Living Films seems partial to documentaries, and Lowenstein has a past in humanitarian issues. He says there are hundreds of projects to be tackled in Thailand, and names some often-heard, but very important buzzwords: the illegal wildlife trade, refugees and migrant workers, poverty, and HIV/AIDS. But then he branches out and mentions healthcare in Southeast Asia, or cleaning up the Mekong River. “You learn so much by getting deep into people’s lives,” he says earnestly. “There are so many fascinating subjects in this part of the world, and so many stories to be told and preserved.”
And Living Films, along with Lowenstein, are nowhere near slowing down, “Since we started, we’ve had almost 30 feature films, and a dedicated commercial arm.
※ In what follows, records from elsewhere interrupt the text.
lemma GL_iff_det: "A \<in> GL n \<longleftrightarrow> A \<in> carrier_mat n n \<and> det A \<noteq> 0"
proof (cases "A \<in> carrier_mat n n")
  case A: True
  show ?thesis
  proof
    assume "A \<in> GL n"
    then obtain B where AB: "A * B = 1\<^sub>m n" and BA: "B * A = 1\<^sub>m (dim_row B)"
      using A unfolding GL_def invertible_mat_def inverts_mat_def by auto
    have B: "B \<in> carrier_mat n n"
      using arg_cong[OF AB, of dim_col] arg_cong[OF BA, of dim_col] A by (auto intro: carrier_matI)
    have "det A * det B = 1"
      using det_mult[OF A B] AB by simp
    then show "A \<in> carrier_mat n n \<and> det A \<noteq> 0"
      using A by auto
  next
    assume "A \<in> carrier_mat n n \<and> det A \<noteq> 0"
    then have "inverts_mat A (mat_inv A) \<and> inverts_mat (mat_inv A) A"
      unfolding inverts_mat_def using mult_mat_inv[OF A] mat_inv_carrier[OF A] A by simp
    then show "A \<in> GL n"
      unfolding GL_def invertible_mat_def using A by auto
  qed
next
  case False
  then show ?thesis
    unfolding GL_def by simp
qed

lemma GL_carrier: "A \<in> GL n \<Longrightarrow> A \<in> carrier_mat n n"
  unfolding GL_iff_det by simp

lemma GL_one: "1\<^sub>m n \<in> GL n"
  unfolding GL_iff_det by simp

lemma GL_mult: "A \<in> GL n \<Longrightarrow> B \<in> GL n \<Longrightarrow> A * B \<in> GL n"
  unfolding GL_iff_det using det_mult[of A n B] by auto

lemma GL_mult_mat_inv: "A \<in> GL n \<Longrightarrow> A * mat_inv A = 1\<^sub>m n"
  and GL_mat_inv_mult: "A \<in> GL n \<Longrightarrow> mat_inv A * A = 1\<^sub>m n"
  unfolding GL_iff_det using mult_mat_inv by auto

lemma GL_mat_inv:
  assumes A: "A \<in> GL n"
  shows "mat_inv A \<in> GL n"
proof -
  have A': "A \<in> carrier_mat n n" "mat_inv A \<in> carrier_mat n n"
    using A GL_carrier mat_inv_carrier by auto
  have "det A * det (mat_inv A) = 1"
    using det_mult[OF A'] GL_mult_mat_inv[OF A] by simp
  then show ?thesis
    using A' by (auto simp: GL_iff_det)
qed

lemma GL_conj_eq:
  assumes "g \<in> GL n" and "Y \<in> carrier_mat n n" and "Y * g = g * X"
  shows "Y = g * X * mat_inv g"
proof -
  have g: "g \<in> carrier_mat n n" "mat_inv g \<in> carrier_mat n n"
    using assms(1) GL_carrier mat_inv_carrier by auto
  have "Y = Y * (g * mat_inv g)"
    using assms(2) GL_mult_mat_inv[OF assms(1)] by simp
  also have "\<dots> = (Y * g) * mat_inv g"
    using assms(2) g by simp
  finally show ?thesis
    using assms(3) by simp
qed

context
  fixes n m :: nat and \<rho> :: "'k::field mat \<Rightarrow> 'k mat"
  assumes rr: "rational_rep n m \<rho>"
begin

lemma rep_GL: "g \<in> GL n \<Longrightarrow> \<rho> g \<in> GL m"
  using rr unfolding rational_rep_def by blast

lemma rep_carrier: "g \<in> GL n \<Longrightarrow> \<rho> g \<in> carrier_mat m m"
  using rep_GL GL_carrier by blast

lemma rep_one: "\<rho> (1\<^sub>m n) = 1\<^sub>m m"
  using rr unfolding rational_rep_def by blast

lemma rep_mult: "g \<in> GL n \<Longrightarrow> h \<in> GL n \<Longrightarrow> \<rho> (g * h) = \<rho> g * \<rho> h"
  using rr unfolding rational_rep_def by blast

lemma rep_mat_inv_mult: "g \<in> GL n \<Longrightarrow> \<rho> (mat_inv g) * \<rho> g = 1\<^sub>m m"
  and rep_mult_mat_inv: "g \<in> GL n \<Longrightarrow> \<rho> g * \<rho> (mat_inv g) = 1\<^sub>m m"
  using rep_mult[of g "mat_inv g"] rep_mult[of "mat_inv g" g] rep_one
  by (simp_all add: GL_mat_inv GL_mat_inv_mult GL_mult_mat_inv)

end

lemma alg_closed_infinite:
  assumes "alg_closed TYPE('k::field)"
  shows "infinite (UNIV :: 'k set)"
proof
  assume fin: "finite (UNIV :: 'k set)"
  define p :: "'k poly" where "p = (\<Prod>a\<in>UNIV. [:-a, 1:]) + 1"
  have "degree (\<Prod>a\<in>(UNIV::'k set). [:-a, 1:]) = card (UNIV :: 'k set)"
    by (subst degree_prod_eq_sum_degree) auto
  then have "degree p > 0"
    using fin finite_UNIV_card_ge_0 unfolding p_def by (metis degree_add_eq_left degree_1)
  then obtain x where "poly p x = 0"
    using assms unfolding alg_closed_def by blast
  moreover have "poly (\<Prod>a\<in>(UNIV::'k set). [:-a, 1:]) x = 0"
    unfolding poly_prod using fin by (intro prod_zero) auto
  ultimately show False
    unfolding p_def by simp
qed

section \<open>The differential of a rational representation\<close>

lemma poly_fun_sum:
  "finite S \<Longrightarrow> (\<And>i. i \<in> S \<Longrightarrow> f i \<in> poly_fun n) \<Longrightarrow> (\<lambda>A. \<Sum>i\<in>S. f i A) \<in> poly_fun n"
  by (induction S rule: finite_induct) (auto intro: poly_fun.intros)

lemma poly_fun_prod:
  "finite S \<Longrightarrow> (\<And>i. i \<in> S \<Longrightarrow> f i \<in> poly_fun n) \<Longrightarrow> (\<lambda>A. \<Prod>i\<in>S. f i A) \<in> poly_fun n"
  by (induction S rule: finite_induct) (auto intro: poly_fun.intros)

lemma det_poly_fun: "\<exists>p \<in> poly_fun n. \<forall>A \<in> carrier_mat n n. det A = p A"
proof
  let ?p = "\<lambda>A. \<Sum>\<pi> \<in> {\<pi>. \<pi> permutes {0..<n}}. signof \<pi> * (\<Prod>i = 0..<n. A $$ (i, \<pi> i))"
  show "\<forall>A \<in> carrier_mat n n. det A = ?p A"
    by (auto simp: det_def)
  have "(\<lambda>A. \<Prod>i = 0..<n. A $$ (i, \<pi> i)) \<in> poly_fun n" if "\<pi> permutes {0..<n}" for \<pi>
    using permutes_in_image[OF that] by (intro poly_fun_prod poly_fun.coord) auto
  then show "?p \<in> poly_fun n"
    by (intro poly_fun_sum poly_fun.mult poly_fun.const) (auto simp: finite_permutations)
qed

lemma poly_fun_on_line:
  assumes "p \<in> poly_fun n" and X: "X \<in> carrier_mat n n"
  shows "\<exists>q. \<forall>t. p (1\<^sub>m n + t \<cdot>\<^sub>m X) = poly q t"
  using assms(1)
proof (induction rule: poly_fun.induct)
  case (const c)
  show ?case
    by (rule exI[of _ "[:c:]"]) simp
next
  case (coord i j)
  then show ?case
    using X by (intro exI[of _ "[:of_bool (i = j), X $$ (i, j):]"]) auto
next
  case (add p q)
  then obtain a b where "\<forall>t. p (1\<^sub>m n + t \<cdot>\<^sub>m X) = poly a t" "\<forall>t. q (1\<^sub>m n + t \<cdot>\<^sub>m X) = poly b t"
    by blast
  then show ?case
    by (intro exI[of _ "a + b"]) simp
next
  case (mult p q)
  then obtain a b where "\<forall>t. p (1\<^sub>m n + t \<cdot>\<^sub>m X) = poly a t" "\<forall>t. q (1\<^sub>m n + t \<cdot>\<^sub>m X) = poly b t"
    by blast
  then show ?case
    by (intro exI[of _ "a * b"]) simp
qed

lemma det_on_line:
  fixes X :: "'k::field mat"
  assumes X: "X \<in> carrier_mat n n"
  obtains \<delta> where "poly \<delta> 0 = 1" and "\<And>t. det (1\<^sub>m n + t \<cdot>\<^sub>m X) = poly \<delta> t"
proof -
  obtain p :: "'k mat \<Rightarrow> 'k" where "p \<in> poly_fun n" and p: "\<forall>A \<in> carrier_mat n n. det A = p A"
    using det_poly_fun by blast
  then obtain \<delta> where \<delta>: "\<And>t. p (1\<^sub>m n + t \<cdot>\<^sub>m X) = poly \<delta> t"
    using poly_fun_on_line[OF _ X] by blast
  have "det (1\<^sub>m n + t \<cdot>\<^sub>m X) = poly \<delta> t" for t
    using p \<delta> X by simp
  moreover have "1\<^sub>m n + 0 \<cdot>\<^sub>m X = 1\<^sub>m n"
    using X by (intro eq_matI) auto
  ultimately show thesis
    using that by (metis det_one)
qed

lemma finite_not_GL_on_line:
  assumes X: "X \<in> carrier_mat n n"
  shows "finite {t. 1\<^sub>m n + t \<cdot>\<^sub>m X \<notin> GL n}"
proof -
  obtain \<delta> where \<delta>0: "poly \<delta> 0 = 1" and \<delta>: "\<And>t. det (1\<^sub>m n + t \<cdot>\<^sub>m X) = poly \<delta> t"
    using det_on_line[OF X] by blast
  have "{t. 1\<^sub>m n + t \<cdot>\<^sub>m X \<notin> GL n} \<subseteq> {t. poly \<delta> t = 0}"
    using X by (auto simp: GL_iff_det \<delta>)
  moreover have "\<delta> \<noteq> 0"
    using \<delta>0 by auto
  ultimately show ?thesis
    using poly_roots_finite finite_subset by blast
qed

definition rat_deriv0 :: "'k::field poly \<Rightarrow> 'k poly \<Rightarrow> 'k" where
  "rat_deriv0 q r = (coeff q 1 * coeff r 0 - coeff q 0 * coeff r 1) / (coeff r 0)^2"

lemma rat_deriv0_cross_eq:
  fixes q r q' r' :: "'k::field poly"
  assumes qr: "q * r' = q' * r" and r: "coeff r 0 \<noteq> 0" "coeff r' 0 \<noteq> 0"
  shows "rat_deriv0 q r = rat_deriv0 q' r'"
proof -
  have e0: "coeff q 0 * coeff r' 0 = coeff q' 0 * coeff r 0"
    using arg_cong[OF qr, of "\<lambda>p. coeff p 0"] by (simp add: coeff_mult)
  have e1: "coeff q 0 * coeff r' 1 + coeff q 1 * coeff r' 0 = coeff q' 0 * coeff r 1 + coeff q' 1 * coeff r 0"
    using arg_cong[OF qr, of "\<lambda>p. coeff p 1"] by (simp add: coeff_mult)
  let ?q0 = "coeff q 0" and ?q1 = "coeff q 1" and ?r0 = "coeff r 0" and ?r1 = "coeff r 1"
  let ?Q0 = "coeff q' 0" and ?Q1 = "coeff q' 1" and ?R0 = "coeff r' 0" and ?R1 = "coeff r' 1"
  \<comment> \<open>the cross-multiplied derivatives differ by a combination of \<open>e0\<close> and \<open>e1\<close>\<close>
  have "(?q1 * ?r0 - ?q0 * ?r1) * ?R0^2 - (?Q1 * ?R0 - ?Q0 * ?R1) * ?r0^2
      = ?r0 * ?R0 * (?q0 * ?R1 + ?q1 * ?R0 - ?Q0 * ?r1 - ?Q1 * ?r0)
        + (?r1 * ?R0 + ?r0 * ?R1) * (?Q0 * ?r0 - ?q0 * ?R0)"
    by (simp add: algebra_simps power2_eq_square)
  with e0 e1 r
  show ?thesis
    unfolding rat_deriv0_def by (simp add: frac_eq_eq)
qed

lemma rat_deriv0_smult [simp]: "rat_deriv0 (Polynomial.smult c q) r = c * rat_deriv0 q r"
  unfolding rat_deriv0_def by (simp add: algebra_simps add_divide_distrib diff_divide_distrib)

lemma rat_deriv0_sum [simp]: "rat_deriv0 (\<Sum>i\<in>S. q i) r = (\<Sum>i\<in>S. rat_deriv0 (q i) r)"
  unfolding rat_deriv0_def
  by (simp add: coeff_sum sum_distrib_right sum_subtractf sum_divide_distrib[symmetric])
I’ve had the chance to make films all over the world, and I get to experience those places through their stories and crew.” Personally, Lowenstein has exciting fantasies as a filmmaker: “Why not create something that hasn’t been done before? I’d love to make a film with a dystopian, futuristic theme, along the lines of Blade Runner set in Bangkok. I want to think outside the box, beyond the mountains, beaches and jungles. We have incredible art departments, creative talents and film crews. There are endless possibilities.”